George Trevor Branston (3 September 1884 – 12 August 1969) was an English amateur cricketer who played first-class cricket for Nottinghamshire and Oxford University from 1903 to 1913.

Early life and education
Branston was born at Newark-on-Trent, the second son of George Henry Branston, of The Friary, Newark, Nottinghamshire, a wealthy maltster, and his wife Gwynedd, daughter of Adam Eyton, JP, of Plas Llanerch-y-Mor, Flintshire. On George Henry Branston's purchase of Branston, Lincolnshire, in 1897, the family attained the status of landed gentry; by 1952, Trevor Branston was the head of this family.

Branston attended Charterhouse School in Surrey before going up to Hertford College, Oxford.

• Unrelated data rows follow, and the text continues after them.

theorem theorem1:
  shows "(\<forall>l::real. l \<le> -1 \<longrightarrow>
            pd_zeroset l = {(u1, 0) | u1. u1 \<in> {0..1}} \<union> {(0, u2) | u2. u2 \<in> {0..1}})
       \<and> (\<forall>l::real. l > -1 \<longrightarrow> emeasure lborel (pd_zeroset l) > 0)
       \<and> (\<forall>u1 u2::real. u1 \<in> {0..1} \<and> u2 \<in> {0..1} \<and> u1 + u2 < 1 \<longrightarrow>
            (\<forall>\<^sub>F l in at_top. (u1, u2) \<in> pd_zeroset l))
       \<and> (\<forall>u1 u2::real. u1 \<in> {0..1} \<and> u2 \<in> {0..1} \<and> u1 + u2 > 1 \<longrightarrow>
            (\<forall>\<^sub>F l in at_top. (u1, u2) \<notin> pd_zeroset l))
       \<and> (\<forall>e>0::real. \<forall>\<^sub>F l in at_top.
            (\<forall>(u1, u2) \<in> pd_curve l. \<bar>u1 + u2 - 1\<bar> < e) \<and>
            (\<forall>u1\<in>{0..1::real}. \<exists>(v1, v2) \<in> pd_curve l. dist (v1, v2) (u1, 1 - u1) < e))"
  using pd_zeroset_le_minus_one pd_zeroset_emeasure_pos eventually_mem_pd_zeroset
    eventually_not_mem_pd_zeroset eventually_pd_curve_near_antidiagonal
  by blast

end
(* Assume $\bar p=\mu\cdot\mathbf p=1/2$. There exist constants $C,C'>0$ and $y_0<\infty$ such that for all $n\ge1$, all $y\ge y_0$ and every initial distribution $\eta$ on $\mathcal R$, $$P_\eta\Big(\Big|\sum_{j=1}^n(\tilde G_j-1)\Big|>y\Big)\le C\Big(\exp\Big\{-C'\frac{y^2}{y\vee 8n}\Big\}+\exp\{-C'y\}\Big).$$
   Context: Let $\mathcal R=\{1,\dots,N\}$ and let $K$ be a stochastic matrix on $\mathcal R$ whose Markov chain has a unique closed irreducible subset; let $\mu$ (row vector) be its unique stationary distribution. Fix $p:\mathcal R\to(0,1)$, $\mathbf p=(p(1),\dots,p(N))^t$. Under $P_\eta$, $(R_j)_{j\ge1}$ is a Markov chain with transition matrix $K$ and $R_1\sim\eta$, and given $(R_j)$ the $\xi(j)$ are independent Bernoulli$(p(R_j))$. Let $F_m=\inf\{k\ge0:\sum_{j=1}^{k+m}\xi(j)=m\}$ (number of failures before the $m$-th success), $F_0=0$, and $\tilde G_m=F_m-F_{m-1}$ (number of failures between the $(m-1)$-st and $m$-th success). *)

theory Defs
  imports "HOL-Probability.Probability"
begin

definition stochastic_matrix :: "nat \<Rightarrow> (nat \<Rightarrow> nat \<Rightarrow> real) \<Rightarrow> bool" where
  "stochastic_matrix N K \<longleftrightarrow>
     (\<forall>i\<in>{1..N}. \<forall>j\<in>{1..N}. 0 \<le> K i j) \<and> (\<forall>i\<in>{1..N}. (\<Sum>j\<in>{1..N}. K i j) = 1)"

definition trans_rel :: "nat \<Rightarrow> (nat \<Rightarrow> nat \<Rightarrow> real) \<Rightarrow> (nat \<times> nat) set" where
  "trans_rel N K = {(i, j). i \<in> {1..N} \<and> j \<in> {1..N} \<and> 0 < K i j}"

definition closed_set :: "nat \<Rightarrow> (nat \<Rightarrow> nat \<Rightarrow> real) \<Rightarrow> nat set \<Rightarrow> bool" where
  "closed_set N K C \<longleftrightarrow> C \<noteq> {} \<and> C \<subseteq> {1..N} \<and>
     (\<forall>i\<in>C. \<forall>j\<in>{1..N}. 0 < K i j \<longrightarrow> j \<in> C)"

definition closed_irreducible :: "nat \<Rightarrow> (nat \<Rightarrow> nat \<Rightarrow> real) \<Rightarrow> nat set \<Rightarrow> bool" where
  "closed_irreducible N K C \<longleftrightarrow> closed_set N K C \<and>
     (\<forall>i\<in>C. \<forall>j\<in>C. (i, j) \<in> (trans_rel N K)\<^sup>*)"
lemma nonbacktracking_rev_join:
  assumes sym: "\<And>x y. E x y \<Longrightarrow> E y x"
    and p: "nonbacktracking E (z # p)" and q: "nonbacktracking E (z # q)"
    and "p \<noteq> []" "q \<noteq> []" "hd p \<noteq> hd q"
  shows "nonbacktracking E (rev p @ z # q)"
proof -
  obtain h1 p1 h2 q1 where p_eq: "p = h1 # p1" and q_eq: "q = h2 # q1"
    using \<open>p \<noteq> []\<close> \<open>q \<noteq> []\<close> by (meson neq_Nil_conv)
  have "nonbacktracking E (rev (z # p))"
    using nonbacktracking_rev[of E, OF sym p] .
  moreover have "E h1 z" "E z h2"
    using p q p_eq q_eq sym by (auto dest!: nonbacktracking_successively)
  ultimately have "nonbacktracking E (rev p1 @ [h1, z, h2])"
    using nonbacktracking_glue[of E "rev p1" h1 z "[h2]"] p_eq q_eq \<open>hd p \<noteq> hd q\<close> by simp
  then have "nonbacktracking E ((rev p1 @ [h1]) @ z # h2 # q1)"
    using nonbacktracking_glue[of E "rev p1 @ [h1]" z h2 q1] q q_eq by simp
  then show ?thesis using p_eq q_eq by simp
qed
(* Let $m,K$ be positive integers, and for $\ell\in\{1,\dots,K\}$ let $\mathbf B_\ell$ be a real $m\times s_\ell$ matrix. Let $\alpha\in\mathbb R$ and let $\boldsymbol\Sigma$ be any $m\times m$ symmetric nonnegative definite matrix such that $\mathrm{tr}(\mathbf B_\ell'\boldsymbol\Sigma\mathbf B_\ell)\le\alpha$ for all $\ell\in\{1,\dots,K\}$. Let $\mathbf w=(w_1,\dots,w_K)'\in\mathbb R^K$ have nonnegative components summing to $1$, and let $\mathbf N(\mathbf w)=\sum_{\ell=1}^K w_\ell\mathbf B_\ell\mathbf B_\ell'$. Let $\mathbf X$ be a real $m\times r$ matrix with $\mathcal C(\mathbf X)\subseteq\mathcal C(\mathbf N(\mathbf w))$. Then $$\mathrm{tr}(\mathbf X'\boldsymbol\Sigma\mathbf X)\le \alpha\,\lambda_{\max}\big(\mathbf X'\mathbf N^+(\mathbf w)\mathbf X\big).$$
   Context: $\mathcal C(\cdot)$ denotes the column space of a matrix, $\mathbf A^+$ the Moore–Penrose pseudoinverse, $\mathbf A'$ the transpose, and $\lambda_{\max}$ the largest eigenvalue of a symmetric matrix. *)

theory Defs
  imports "Jordan_Normal_Form.Matrix" "Jordan_Normal_Form.Char_Poly"
begin

definition mtrace :: "'a :: comm_monoid_add mat \<Rightarrow> 'a" where
  "mtrace A = (\<Sum>i<dim_row A. A $$ (i, i))"
lemma reverse_carleson_boundary_nonvanishing:
  assumes "p > 0" and "q > 0" and "C \<ge> 0" and \<mu>: "finite_borel_measure_closed_disc \<mu>"
    and C: "\<forall>f. f \<in> Hp p \<and> continuous_on (cball 0 1) f \<longrightarrow> Hp_norm p f \<le> C * Lq_norm \<mu> q f"
    and f: "continuous_on (sphere 0 1) f" and nonzero: "\<And>z. z \<in> sphere 0 1 \<Longrightarrow> f z \<noteq> 0"
  shows "Lq_norm circle_measure p f \<le> exp 2 * C * Lq_norm (restrict_space \<mu> (sphere 0 1)) q f"
proof -
  interpret m: compact_borel_measure circle_measure "sphere 0 1"
    by (rule compact_borel_measure_circle)
  interpret \<nu>: compact_borel_measure "restrict_space \<mu> (sphere 0 1)" "sphere 0 1"
    using \<mu> by (rule compact_borel_measure_restrict_boundary)
  have "continuous_on (sphere 0 1) (\<lambda>z. ln (norm (f z)))"
    using f nonzero by (intro continuous_intros) auto
  then obtain Q where Q: "Q holomorphic_on UNIV"
    and approx: "\<And>z. z \<in> sphere 0 1 \<Longrightarrow> \<bar>ln (norm (f z)) - Re (Q z)\<bar> < 1"
    using sphere_approx_Re_entire zero_less_one by blast
  define E where "E z = exp (Q z)" for z
  have E: "E holomorphic_on UNIV" unfolding E_def using Q by (intro holomorphic_intros)
  then have E_cont: "continuous_on S E" for S
    using holomorphic_on_imp_continuous_on continuous_on_subset by blast
  have f_le_E: "norm (f z) \<le> exp 1 * norm (E z)" and E_le_f: "norm (E z) \<le> exp 1 * norm (f z)"
    if "z \<in> sphere 0 1" for z
  proof -
    have pos: "norm (f z) > 0" and E: "norm (E z) = exp (Re (Q z))"
      using nonzero[OF that] by (simp_all add: E_def)
    have "norm (f z) = exp (ln (norm (f z)))" using pos by simp
    also have "\<dots> \<le> exp (1 + Re (Q z))" using approx[OF that] by simp
    finally show "norm (f z) \<le> exp 1 * norm (E z)" by (simp add: E exp_add)
    have "norm (E z) \<le> exp (1 + ln (norm (f z)))" using approx[OF that] by (simp add: E)
    then show "norm (E z) \<le> exp 1 * norm (f z)" using pos by (simp add: exp_add)
  qed
  have "Lq_norm circle_measure p f \<le> exp 1 * Lq_norm circle_measure p E"
    using f E_cont \<open>p > 0\<close> f_le_E by (intro m.Lq_norm_mono_continuous) auto
  also have "\<dots> \<le> exp 1 * (C * Lq_norm (restrict_space \<mu> (sphere 0 1)) q E)"
    using \<open>p > 0\<close> \<open>q > 0\<close> \<mu> C holomorphic_on_subset[OF E] E_cont
    by (intro mult_left_mono reverse_carleson_disc_algebra) auto
  also have "\<dots> \<le> exp 1 * (C * (exp 1 * Lq_norm (restrict_space \<mu> (sphere 0 1)) q f))"
    using f E_cont \<open>q > 0\<close> \<open>C \<ge> 0\<close> E_le_f
    by (intro mult_left_mono \<nu>.Lq_norm_mono_continuous) auto
  also have "\<dots> = exp 2 * C * Lq_norm (restrict_space \<mu> (sphere 0 1)) q f"
    by (simp add: exp_add [of 1 1, simplified] mult_ac)
  finally show ?thesis .
qed

lemma reverse_carleson_boundary_continuous:
  assumes "p > 0" and "q > 0" and "C \<ge> 0" and \<mu>: "finite_borel_measure_closed_disc \<mu>"
    and Carleson: "\<forall>f. f \<in> Hp p \<and> continuous_on (cball 0 1) f \<longrightarrow> Hp_norm p f \<le> C * Lq_norm \<mu> q f"
    and f: "continuous_on (sphere 0 1) f"
  shows "Lq_norm circle_measure p f \<le> exp 2 * C * Lq_norm (restrict_space \<mu> (sphere 0 1)) q f"
proof -
  interpret m: compact_borel_measure circle_measure "sphere 0 1"
    by (rule compact_borel_measure_circle)
  interpret \<nu>: compact_borel_measure "restrict_space \<mu> (sphere 0 1)" "sphere 0 1"
    using \<mu> by (rule compact_borel_measure_restrict_boundary)
  define g where "g n z = complex_of_real (norm (f z) + 1 / Suc n)" for n z
  have g: "continuous_on (sphere 0 1) (g n)" "norm (g n z) = norm (f z) + 1 / Suc n" for n z
    unfolding g_def norm_of_real using f by (auto intro!: continuous_intros)
  have g_nonzero: "g n z \<noteq> 0" for n z
  proof -
    have "norm (g n z) > 0" unfolding g(2) by (intro add_nonneg_pos) auto
    then show ?thesis by auto
  qed
  have "Lq_norm circle_measure p f \<le> Lq_norm circle_measure p (g n)" for n
    using m.Lq_norm_mono_continuous[of f "g n" 1 p] f g \<open>p > 0\<close> by simp
  also have "\<dots> n \<le> exp 2 * C * Lq_norm (restrict_space \<mu> (sphere 0 1)) q (g n)" for n
    using assms(1-3) \<mu> Carleson g(1) g_nonzero
    by (intro reverse_carleson_boundary_nonvanishing) auto
  finally have le: "Lq_norm circle_measure p f \<le> exp 2 * C * Lq_norm (restrict_space \<mu> (sphere 0 1)) q (g n)" for n .
  obtain B where B: "\<And>z. z \<in> sphere 0 1 \<Longrightarrow> norm (f z) \<le> B"
    using continuous_on_compact_bound[OF compact_sphere f] by blast
  have "(\<lambda>n. Lq_norm (restrict_space \<mu> (sphere 0 1)) q (g n)) \<longlonglongrightarrow> Lq_norm (restrict_space \<mu> (sphere 0 1)) q f"
  proof (rule \<nu>.Lq_norm_tendsto_bounded[where B = "B + 1"])
    show "g n \<in> borel_measurable (restrict_space \<mu> (sphere 0 1))" for n
      using g(1) by (rule \<nu>.borel_measurable_continuous)
    show "f \<in> borel_measurable (restrict_space \<mu> (sphere 0 1))"
      using f by (rule \<nu>.borel_measurable_continuous)
    fix n z assume "z \<in> space (restrict_space \<mu> (sphere 0 1))"
    then have "z \<in> sphere 0 1" by (simp add: \<nu>.space_eq)
    have "(\<lambda>n. 1 / real (Suc n)) \<longlonglongrightarrow> 0"
      using LIMSEQ_inverse_real_of_nat by (simp add: inverse_eq_divide)
    from tendsto_add[OF tendsto_const this]
    show "(\<lambda>n. norm (g n z)) \<longlonglongrightarrow> norm (f z)" by (simp add: g(2))
    show "norm (g n z) \<le> B + 1"
      using B[OF \<open>z \<in> sphere 0 1\<close>] by (simp add: g(2) add_mono)
  qed (rule \<open>q > 0\<close>)
  then have "(\<lambda>n. exp 2 * C * Lq_norm (restrict_space \<mu> (sphere 0 1)) q (g n))
      \<longlonglongrightarrow> exp 2 * C * Lq_norm (restrict_space \<mu> (sphere 0 1)) q f"
    by (rule tendsto_mult_left)
  then show ?thesis by (rule LIMSEQ_le_const) (use le in auto)
qed

theorem lemma3p2:
  fixes p q :: real and \<mu> :: "complex measure"
  assumes "0 < p" and "0 < q"
    and "reverse_carleson_Hp p q \<mu>"
  shows "\<exists>C>0. \<forall>f :: complex \<Rightarrow> complex. continuous_on (sphere 0 1) f \<longrightarrow>
           Lq_norm circle_measure p f \<le> C * Lq_norm (restrict_space \<mu> (sphere 0 1)) q f"
proof -
  obtain C where "C > 0" and \<mu>: "finite_borel_measure_closed_disc \<mu>"
    and Carleson: "\<forall>f. f \<in> Hp p \<and> continuous_on (cball 0 1) f \<longrightarrow> Hp_norm p f \<le> C * Lq_norm \<mu> q f"
    using assms(3) unfolding reverse_carleson_Hp_def by blast
  have "Lq_norm circle_measure p f \<le> exp 2 * C * Lq_norm (restrict_space \<mu> (sphere 0 1)) q f"
    if "continuous_on (sphere 0 1) f" for f
    using assms(1,2) less_imp_le[OF \<open>C > 0\<close>] \<mu> Carleson that
    by (rule reverse_carleson_boundary_continuous)
  then show ?thesis using \<open>C > 0\<close> by (intro exI[of _ "exp 2 * C"]) auto
qed

end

An all rounder, he won cricket Blues in 1904, 1905 and 1906, and played for Nottinghamshire during the summer holidays as an amateur.

Cricket career
Branston was one of the leading players on the all-amateur MCC tour of New Zealand in 1906–07: he scored 119, one of only two centuries by the team, against Canterbury, and in all matches took 36 first-class wickets at an average of 18.69. He played in both of the representative matches against New Zealand, top-scoring in the first innings of the second match with 28. He also toured with MCC to North America in 1907 and Egypt in 1909.

Playing for the Gentlemen of England against Cambridge University in 1908, he took three wickets in each innings and scored 58 and 194 not out, his highest first-class score, to take Gentlemen of England to 401 for 6 and a four-wicket victory. His best first-class bowling figures were 6 for 66, which helped Oxford to a 50-run victory over Kent in 1905.

Personal life
In 1912, Branston married Ethel May, daughter of J. E. Anderton, MBE, MD, of New Mills, Derbyshire. They had one child, a daughter, Audrey (born 1913), who married Major Ernest Nugent Oldrey, OBE, of the Royal Artillery, and had a son, Timothy Nugent Oldrey. The Branston family of Branston was extinct at Trevor Branston's death as both he and his only brother, Henry Eyton Branston (1878–1934), of The Old Hall, Balderton, Newark-on-Trent, had died without male issue.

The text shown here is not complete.